What is required = Find every line in the records below that contains "unfolding", and copy it.

Data items:
────────
theorem theorem2p1:
  fixes M :: "'a measure"
    and X :: "nat \<Rightarrow> real \<Rightarrow> 'a \<Rightarrow> real"
    and m :: "nat \<Rightarrow> real"
  assumes P: "prob_space M"
    and integ: "\<And>k r. k \<ge> 1 \<Longrightarrow> r > 0 \<Longrightarrow> integrable M (X k r)"
    and indep: "prob_space.indep_vars M (\<lambda>_. PiM {0<..} (\<lambda>_. borel))
                  (\<lambda>k \<omega>. \<lambda>r\<in>{0<..}. X k r \<omega>) {1..}"
    and C: "\<And>k r. k \<ge> 1 \<Longrightarrow> r > 0 \<Longrightarrow> prob_space.expectation M (X k r) = 0"
    and W1: "\<And>\<epsilon>. \<epsilon> > 0 \<Longrightarrow>
              ((\<lambda>r. SUP k\<in>{1..}. measure M {\<omega> \<in> space M. \<bar>X k r \<omega>\<bar> > \<epsilon>}) \<longlongrightarrow> 0) at_top"
    and W2: "((\<lambda>A. SUP (k, r)\<in>{1..} \<times> {0<..}.
               \<integral>\<^sup>+ \<omega>. ennreal (\<bar>X k r \<omega>\<bar> * indicator {\<omega>. \<bar>X k r \<omega>\<bar> > A} \<omega>) \<partial>M)
              \<longlongrightarrow> 0) at_top"
    and mpos: "\<And>k. k \<ge> 1 \<Longrightarrow> m k > 0"
    and mdiv: "filterlim (\<lambda>n. \<Sum>k=1..n. m k) at_top sequentially"
  shows "\<And>\<epsilon>. \<epsilon> > 0 \<Longrightarrow>
    ((\<lambda>n. measure M {\<omega> \<in> space M.
        \<bar>\<Sum>k=1..n. m k / (\<Sum>j=1..n. m j) * X k (m k) \<omega>\<bar> > \<epsilon>}) \<longlongrightarrow> 0) sequentially"
proof -
  interpret prob_space M by (rule P)
  fix \<epsilon> :: real assume "\<epsilon> > 0"
  have indep_Z: "indep_vars (\<lambda>_. borel) (\<lambda>k. X k (m k)) {1..}"
    using mpos by (intro indep_vars_evaluation[OF indep]) auto
  have int_Z: "integrable M (X k (m k))" and mean_Z: "expectation (X k (m k)) = 0" if "1 \<le> k" for k
    using integ C mpos that by auto
  have unif_int: "\<exists>A. \<forall>k\<ge>1. expectation (\<lambda>\<omega>. \<bar>X k (m k) \<omega>\<bar> * indicator {\<omega>. A < \<bar>X k (m k) \<omega>\<bar>} \<omega>) \<le> c"
    if "0 < c" for c
    using uniform_tail_expectation_le[OF W2 integ \<open>0 < c\<close>] mpos
    unfolding atLeast_iff greaterThan_iff by blast
  have small: "\<exists>R. \<forall>k\<ge>1. R \<le> m k \<longrightarrow> prob {\<omega>\<in>space M. \<delta> < \<bar>X k (m k) \<omega>\<bar>} \<le> \<eta>"
    if "0 < \<delta>" "0 < \<eta>" for \<delta> \<eta>
    using uniform_prob_le[OF W1[OF \<open>0 < \<delta>\<close>] \<open>0 < \<eta>\<close>] unfolding atLeast_iff by blast
  show "((\<lambda>n. measure M {\<omega> \<in> space M.
        \<bar>\<Sum>k=1..n. m k / (\<Sum>j=1..n. m j) * X k (m k) \<omega>\<bar> > \<epsilon>}) \<longlongrightarrow> 0) sequentially"
    by (rule prob_weighted_average_gt_tendsto_0[OF indep_Z int_Z mean_Z unif_int small mpos mdiv \<open>\<epsilon> > 0\<close>])
qed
────────
Solution for this exercise =
    unfolding atLeast_iff greaterThan_iff by blast
    using uniform_prob_le[OF W1[OF \<open>0 < \<delta>\<close>] \<open>0 < \<eta>\<close>] unfolding atLeast_iff by blast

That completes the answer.